Artist’s Talk on Contemporary Tibetan Art

Photo by Mapem Lanigan

This talk on Contemporary Tibetan art with Tenzing Rigdol was hosted in the Frederic Lasserre Building and was well-attended. Renowned contemporary Tibetan artist, Tenzing Rigdol, discussed the practice and method behind his avant-garde artwork. In the talk, he addressed the importance of the placement of elements and medium, linking Degas’ ballerinas to the form and composition of Buddhist deities in traditional Tibetan art. Looking at his own creative processes, Rigdol identified human conflicts, politics, and tradition as the driving forces behind his thought-provoking artwork. Rigdol also explained that his work is inherently political, drawing on his Ripple Series, which is reflective of his exilic experience in New York. The artist also described the thought-process behind his Proposal Series, in which he attempted to reconstruct traditional Tibetan art by stripping away the various Chinese, Indian and Nepalese styles that over time have influenced depictions of Buddhist deities.

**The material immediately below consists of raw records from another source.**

lemma mrna_response:
  assumes "0 \<le> p"
  shows "inv0 dr (a p) \<in> {0<..inv0 dr (a 0)}" and "dr (inv0 dr (a p)) = a p"
proof -
  obtain R where R: "0 \<le> R" "a 0 < dr R"
    using ereal_tendsto_at_top_exceeds[OF dr_limit dr_exceeds] .
  have inverse: "inv0 dr (a q) \<in> {0<..R} \<and> dr (inv0 dr (a q)) = a q" if "0 \<le> q" for q
  proof -
    have "0 < a q" "a q \<le> dr R"
      using repression_fun_pos[OF a that] repression_fun_le[OF a that] R(2) by auto
    then show ?thesis
      using inv0_rate_fun[OF dr R(1), of "a q"] inv0_pos[OF dr R(1)] by auto
  qed
  then show "dr (inv0 dr (a p)) = a p"
    using \<open>0 \<le> p\<close> by blast
  have "dr (inv0 dr (a p)) \<le> dr (inv0 dr (a 0))"
    using inverse[OF \<open>0 \<le> p\<close>] inverse[of 0] repression_fun_le[OF a \<open>0 \<le> p\<close>] by simp
  then have "inv0 dr (a p) \<le> inv0 dr (a 0)"
    using inverse[OF \<open>0 \<le> p\<close>] inverse[of 0]
      rate_fun_le_iff[OF dr, of "inv0 dr (a p)" "inv0 dr (a 0)"] by simp
  with inverse[OF \<open>0 \<le> p\<close>] show "inv0 dr (a p) \<in> {0<..inv0 dr (a 0)}"
    by simp
qed

lemma protein_response:
  obtains S where "continuous_on {0..} (inv0 dp \<circ> k \<circ> inv0 dr \<circ> a)"
    and "\<And>p. 0 \<le> p \<Longrightarrow> (inv0 dp \<circ> k \<circ> inv0 dr \<circ> a) p \<in> {0<..S}"
    and "\<And>p. 0 \<le> p \<Longrightarrow> dp ((inv0 dp \<circ> k \<circ> inv0 dr \<circ> a) p) = k (inv0 dr (a p))"
proof -
  obtain R where R: "0 \<le> R" "a 0 < dr R"
    using ereal_tendsto_at_top_exceeds[OF dr_limit dr_exceeds] .
  obtain S where S: "0 \<le> S" "k (inv0 dr (a 0)) < dp S"
    using ereal_tendsto_at_top_exceeds[OF dp_limit dp_exceeds] .
  have transcription: "k (inv0 dr (a p)) \<in> {0<..dp S}" if "0 \<le> p" for p
  proof -
    have "inv0 dr (a p) \<in> {0<..inv0 dr (a 0)}"
      using mrna_response(1)[OF that] .
    then have "0 < k (inv0 dr (a p))" "k (inv0 dr (a p)) \<le> k (inv0 dr (a 0))"
      using rate_fun_pos[OF k] rate_fun_le_iff[OF k] by auto
    with S(2) show ?thesis
      by simp
  qed
  have protein: "(inv0 dp \<circ> k \<circ> inv0 dr \<circ> a) p \<in> {0<..S} \<and>
      dp ((inv0 dp \<circ> k \<circ> inv0 dr \<circ> a) p) = k (inv0 dr (a p))" if "0 \<le> p" for p
    using inv0_rate_fun[OF dp S(1)] inv0_pos[OF dp S(1)] transcription[OF that] by auto
  have "a ` {0..} \<subseteq> {0..dr R}"
    using repression_fun_pos[OF a] repression_fun_le[OF a] R(2) by fastforce
  from continuous_on_compose2[OF continuous_on_inv0[OF dr R(1)] continuous_on_repression_fun[OF a] this]
  have "continuous_on {0..} (inv0 dr \<circ> a)"
    by (simp add: o_def)
  moreover have "(inv0 dr \<circ> a) ` {0..} \<subseteq> {0..}"
    using mrna_response(1) by fastforce
  ultimately have "continuous_on {0..} (k \<circ> inv0 dr \<circ> a)"
    using continuous_on_compose2[OF continuous_on_rate_fun[OF k]] by (simp add: o_def)
  moreover have "(k \<circ> inv0 dr \<circ> a) ` {0..} \<subseteq> {0..dp S}"
    using transcription by fastforce
  ultimately have "continuous_on {0..} (inv0 dp \<circ> k \<circ> inv0 dr \<circ> a)"
    using continuous_on_compose2[OF continuous_on_inv0[OF dp S(1)]] by (simp add: o_def)
  with protein show ?thesis
    using that by blast
qed
lemma tle_map_tm:
  assumes "tle le s t" "\<And>x y. x \<in> set_tm s \<Longrightarrow> y \<in> set_tm t \<Longrightarrow> le x y \<Longrightarrow> le' (f x) (f y)"
  shows "tle le' (map_tm f s) (map_tm f t)"
  using assms
proof (induction rule: tle.induct)
  case (var_var x y)
  then show ?case by (auto intro: tle.var_var)
next
  case (var_node t \<tau> x j)
  then have "tle le' (Var (f x)) (map_tm f t)" by auto
  with var_node(1) show ?case by (auto intro: tle.var_node[of "map_tm f t"])
next
  case (node_node \<sigma> \<tau> i)
  have "mle (tle le') (image_mset (map_tm f) \<sigma>) (image_mset (map_tm f) \<tau>)"
    unfolding mle_image_mset
    by (rule mle_mono_strong[OF node_node(1)]) (use node_node(2) in fastforce)
  then show ?case by (auto intro: tle.node_node)
next
  case (node_below i j t \<tau> \<sigma>)
  then have "tle le' (map_tm f (Node i \<sigma>)) (map_tm f t)" by auto
  with node_below(1,2) show ?case by (auto intro: tle.node_below[of i j "map_tm f t"])
qed

lemma tle_map_tm_reflect:
  assumes "tle le' (map_tm f s) (map_tm f t)"
    and "\<And>x y. x \<in> set_tm s \<Longrightarrow> y \<in> set_tm t \<Longrightarrow> le' (f x) (f y) \<Longrightarrow> le x y"
  shows "tle le s t"
  using assms
proof (induction t arbitrary: s)
  case (Var y)
  then obtain x where "s = Var x" "le' (f x) (f y)"
    by (cases s) (auto dest: tle_Var_rightD)
  with Var.prems(2) show ?case by (auto intro: tle.var_var)
next
  case (Node k \<rho>)
  have IH: "tle le s' r"
    if "r \<in># \<rho>" "tle le' (map_tm f s') (map_tm f r)" "set_tm s' \<subseteq> set_tm s" for r s'
    using Node.IH[OF that(1,2)] Node.prems(2) that(1,3) by auto
  from Node.prems(1) have "tle le' (map_tm f s) (Node k (image_mset (map_tm f) \<rho>))" by simp
  then show ?case
  proof (cases rule: tle_Node_rightE)
    case (member r')
    then obtain r where r: "r \<in># \<rho>" "r' = map_tm f r" by auto
    have "tle le s r" using IH[OF r(1)] r(2) member(2) by simp
    moreover have "i \<le> k" if "s = Node i \<sigma>" for i \<sigma> using member(3) that by simp
    ultimately show ?thesis by (rule tle_Node_rightI[OF _ r(1)])
  next
    case (multiset \<tau>')
    then obtain \<sigma> where s: "s = Node k \<sigma>" "\<tau>' = image_mset (map_tm f) \<sigma>" by (cases s) auto
    with multiset(2) have "mle (\<lambda>a b. tle le' (map_tm f a) (map_tm f b)) \<sigma> \<rho>"
      by (simp add: mle_image_mset)
    then have "mle (tle le) \<sigma> \<rho>" by (rule mle_mono_strong) (use IH s(1) in auto)
    then show ?thesis using s(1) by (auto intro: tle.node_node)
  qed
qed

lemma tle_imp_fin_le: "tle le s t \<Longrightarrow> fin_le le (set_tm s) (set_tm t)"
proof (induction rule: tle.induct)
  case (node_node \<sigma> \<tau> i)
  show ?case unfolding fin_le_def
  proof
    fix x assume "x \<in> set_tm (Node i \<sigma>)"
    then obtain a where a: "a \<in># \<sigma>" "x \<in> set_tm a" by auto
    obtain b where "b \<in># \<tau>" "fin_le le (set_tm a) (set_tm b)"
      using mle_memD[OF node_node a(1)] by auto
    then show "\<exists>y\<in>set_tm (Node i \<tau>). le x y" using a(2) unfolding fin_le_def by fastforce
  qed
qed (fastforce simp: fin_le_def)+

section \<open>Terms as a normal PO-dilator\<close>

lemma set_tm_subset_if_in_Tset: "t \<in> Tset n A \<Longrightarrow> set_tm t \<subseteq> A"
  by (induction rule: Tset.induct) auto

lemma map_tm_in_Tset: "t \<in> Tset n B \<Longrightarrow> f ` set_tm t \<subseteq> A \<Longrightarrow> map_tm f t \<in> Tset n A"
  by (induction rule: Tset.induct) (auto intro!: Tset.intros simp: image_subset_iff)

lemma set_tm_subset_if_in_Tminus: "t \<in> Tminus n A \<Longrightarrow> set_tm t \<subseteq> A"
  unfolding Tminus_def by (fastforce dest: set_tm_subset_if_in_Tset)

lemma map_tm_in_Tminus:
  "t \<in> Tminus n B \<Longrightarrow> f ` set_tm t \<subseteq> A \<Longrightarrow> map_tm f t \<in> Tminus n A"
  unfolding Tminus_def by (fastforce intro: map_tm_in_Tset)

lemma quasi_emb_map_tm:
  assumes "quasi_emb A le B le' f" "W \<subseteq> {t. set_tm t \<subseteq> A}" "map_tm f ` W \<subseteq> W'"
  shows "quasi_emb W (tle le) W' (tle le') (map_tm f)"
proof -
  have "tle le s t" if "s \<in> W" "t \<in> W" "tle le' (map_tm f s) (map_tm f t)" for s t
  proof (rule tle_map_tm_reflect[OF that(3)])
    fix x y assume "x \<in> set_tm s" "y \<in> set_tm t" "le' (f x) (f y)"
    moreover from this(1,2) have "x \<in> A" "y \<in> A" using assms(2) that(1,2) by auto
    ultimately show "le x y" using assms(1) unfolding quasi_emb_def by blast
  qed
  with assms(3) show ?thesis unfolding quasi_emb_def by blast
qed

lemma emb_map_tm:
  assumes "emb A le B le' f" "W \<subseteq> {t. set_tm t \<subseteq> A}" "map_tm f ` W \<subseteq> W'"
  shows "emb W (tle le) W' (tle le') (map_tm f)"
proof -
  have "tle le' (map_tm f s) (map_tm f t)" if "s \<in> W" "t \<in> W" "tle le s t" for s t
  proof (rule tle_map_tm[OF that(3)])
    fix x y assume "x \<in> set_tm s" "y \<in> set_tm t" "le x y"
    moreover from this(1,2) have "x \<in> A" "y \<in> A" using assms(2) that(1,2) by auto
    ultimately show "le' (f x) (f y)" using assms(1) unfolding emb_def by blast
  qed
  moreover have "quasi_emb W (tle le) W' (tle le') (map_tm f)"
    using assms by (auto simp: emb_def intro: quasi_emb_map_tm)
  ultimately show ?thesis unfolding emb_def by blast
qed

lemma image_map_tm_eq:
  assumes "W \<subseteq> {t. set_tm t \<subseteq> A}" "map_tm f ` W \<subseteq> W'"
    and "map_tm (inv_into A f) ` {t \<in> W'. set_tm t \<subseteq> f ` A} \<subseteq> W"
  shows "map_tm f ` W = {t \<in> W'. set_tm t \<subseteq> f ` A}"
proof
  show "map_tm f ` W \<subseteq> {t \<in> W'. set_tm t \<subseteq> f ` A}"
  proof (rule image_subsetI)
    fix t assume "t \<in> W"
    with assms(1) have "set_tm t \<subseteq> A" by blast
    with \<open>t \<in> W\<close> assms(2) show "map_tm f t \<in> {t \<in> W'. set_tm t \<subseteq> f ` A}"
      by (auto simp: tm.set_map)
  qed
  show "{t \<in> W'. set_tm t \<subseteq> f ` A} \<subseteq> map_tm f ` W"
  proof
    fix t assume t: "t \<in> {t \<in> W'. set_tm t \<subseteq> f ` A}"
    then have "t = map_tm f (map_tm (inv_into A f) t)"
      by (auto simp: tm.map_comp f_inv_into_f intro!: tm.map_ident_strong[symmetric])
    with t assms(3) show "t \<in> map_tm f ` W" by blast
  qed
qed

Rigdol’s presentation was followed by a discussion involving members of the UBC, Nepali and Tibetan communities. One of the most powerful questions raised during the discussion was about the social consequences of Rigdol’s political artwork, to which Rigdol replied, “I try to be as honest as I can, and sometimes it isn’t what people like.”

This event was sponsored by the Himalaya Program, the Contemporary Tibetan Studies Program, and the Department of Art History, Visual Art and Theory.